*** Opening Input data ***
lemma generically_chaotic_cantor_block_shift: "generically_chaotic cantor_set cantor_block_shift"
proof -
  have "residual_in (cantor_set \<times> cantor_set)
     ({(x, y) \<in> cantor_set \<times> cantor_set. liminf (orbit_dist cantor_block_shift x y) = 0} \<inter>
      {(x, y) \<in> cantor_set \<times> cantor_set. 0 < limsup (orbit_dist cantor_block_shift x y)})"
    by (intro residual_in_Int residual_in_liminf_orbit_dist_eq_0
        residual_in_limsup_orbit_dist_pos[where P = cantor_cylinder
          and \<theta> = "\<lambda>N. 1 / 3 ^ Suc (prod_encode (fst (prod_decode N), 0))"]
        continuous_on_cantor_block_shift cantor_block_shift_maps_to openin_cantor_cylinder
        disjoint_family_cantor_cylinder cantor_block_shift_eventually_equal_dense
        cantor_block_shift_separated_dense) simp
  then show ?thesis
    unfolding generically_chaotic_def li_yorke_pair_def by (rule residual_in_mono) auto
qed

lemma not_generically_eps_chaotic_cantor_block_shift:
  assumes "0 < \<epsilon>"
  shows "\<not> generically_eps_chaotic cantor_set cantor_block_shift \<epsilon>"
proof -
  obtain k where k: "(1 / 3) ^ k < \<epsilon>"
    using real_arch_pow_inv[OF assms, of "1 / 3"] by auto
  define K where "K = prod_encode (k, 0)"
  have orbit_bound: "(cantor_block_shift ^^ n) a \<in> {0..1 / 3 ^ k}" if "a \<in> cantor_cylinder K" for a n
  proof -
    have "a \<in> cantor_set"
      using that by (simp add: cantor_cylinder_def)
    then obtain w where a: "a = cantor_point w"
      using cantor_point_surj by metis
    then have "block_index w = k"
      using that cantor_point_in_cylinder_iff by (simp add: block_index_def K_def)
    then have "agree k ((block_shift ^^ n) w) (\<lambda>_. False)"
      by (simp add: funpow_block_shift agree_to_block_zero)
    then show ?thesis
      using cantor_point_dist_agree cantor_point_bounds(1) a by (fastforce simp: funpow_cantor_block_shift)
  qed
  show ?thesis
  proof (rule not_generically_eps_chaotic_if_bounded_orbits)
    show "closed cantor_set"
      by (simp add: compact_cantor_set compact_imp_closed)
    show "openin (top_of_set (cantor_set \<times> cantor_set)) (cantor_cylinder K \<times> cantor_cylinder K)"
      by (intro openin_Times openin_cantor_cylinder)
    show "cantor_cylinder K \<times> cantor_cylinder K \<noteq> {}"
      using cantor_point_block_unit_in_cylinder[of k] by (auto simp: K_def)
    show "dist ((cantor_block_shift ^^ n) a) ((cantor_block_shift ^^ n) b) \<le> \<epsilon>"
      if "(a, b) \<in> cantor_cylinder K \<times> cantor_cylinder K" for a b n
      using orbit_bound[of a n] orbit_bound[of b n] that k by (auto simp: dist_real_def power_divide)
  qed
qed

theorem proposition37:
  fixes X :: "'a::metric_space set"
  assumes "X homeomorphic cantor_set"
  shows "\<exists>f. continuous_on X f \<and> f ` X \<subseteq> X \<and> generically_chaotic X f \<and>
             (\<forall>\<epsilon>>0. \<not> generically_eps_chaotic X f \<epsilon>)"
proof -
  obtain h k where hom: "homeomorphism X cantor_set h k"
    using assms unfolding homeomorphic_def by blast
  let ?f = "k \<circ> cantor_block_shift \<circ> h"
  note self_map = conjugate_continuous_self_map[OF hom continuous_on_cantor_block_shift cantor_block_shift_maps_to]
  have "generically_chaotic X ?f"
    using hom compact_cantor_set cantor_block_shift_maps_to generically_chaotic_cantor_block_shift
    by (rule generically_chaotic_conjugate)
  moreover have "\<not> generically_eps_chaotic X ?f \<epsilon>" if "0 < \<epsilon>" for \<epsilon>
    using generically_eps_chaotic_conjugate[OF hom compact_cantor_set cantor_block_shift_maps_to that]
      not_generically_eps_chaotic_cantor_block_shift by blast
  ultimately show ?thesis
    using self_map by blast
qed

end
*** Closing Input data ***
What you are asked to do -> In the listing, find every line containing the word "then" and list it.

Solved exercise ->
  then show ?thesis
    then obtain w where a: "a = cantor_point w"
    then have "block_index w = k"
    then have "agree k ((block_shift ^^ n) w) (\<lambda>_. False)"
    then show ?thesis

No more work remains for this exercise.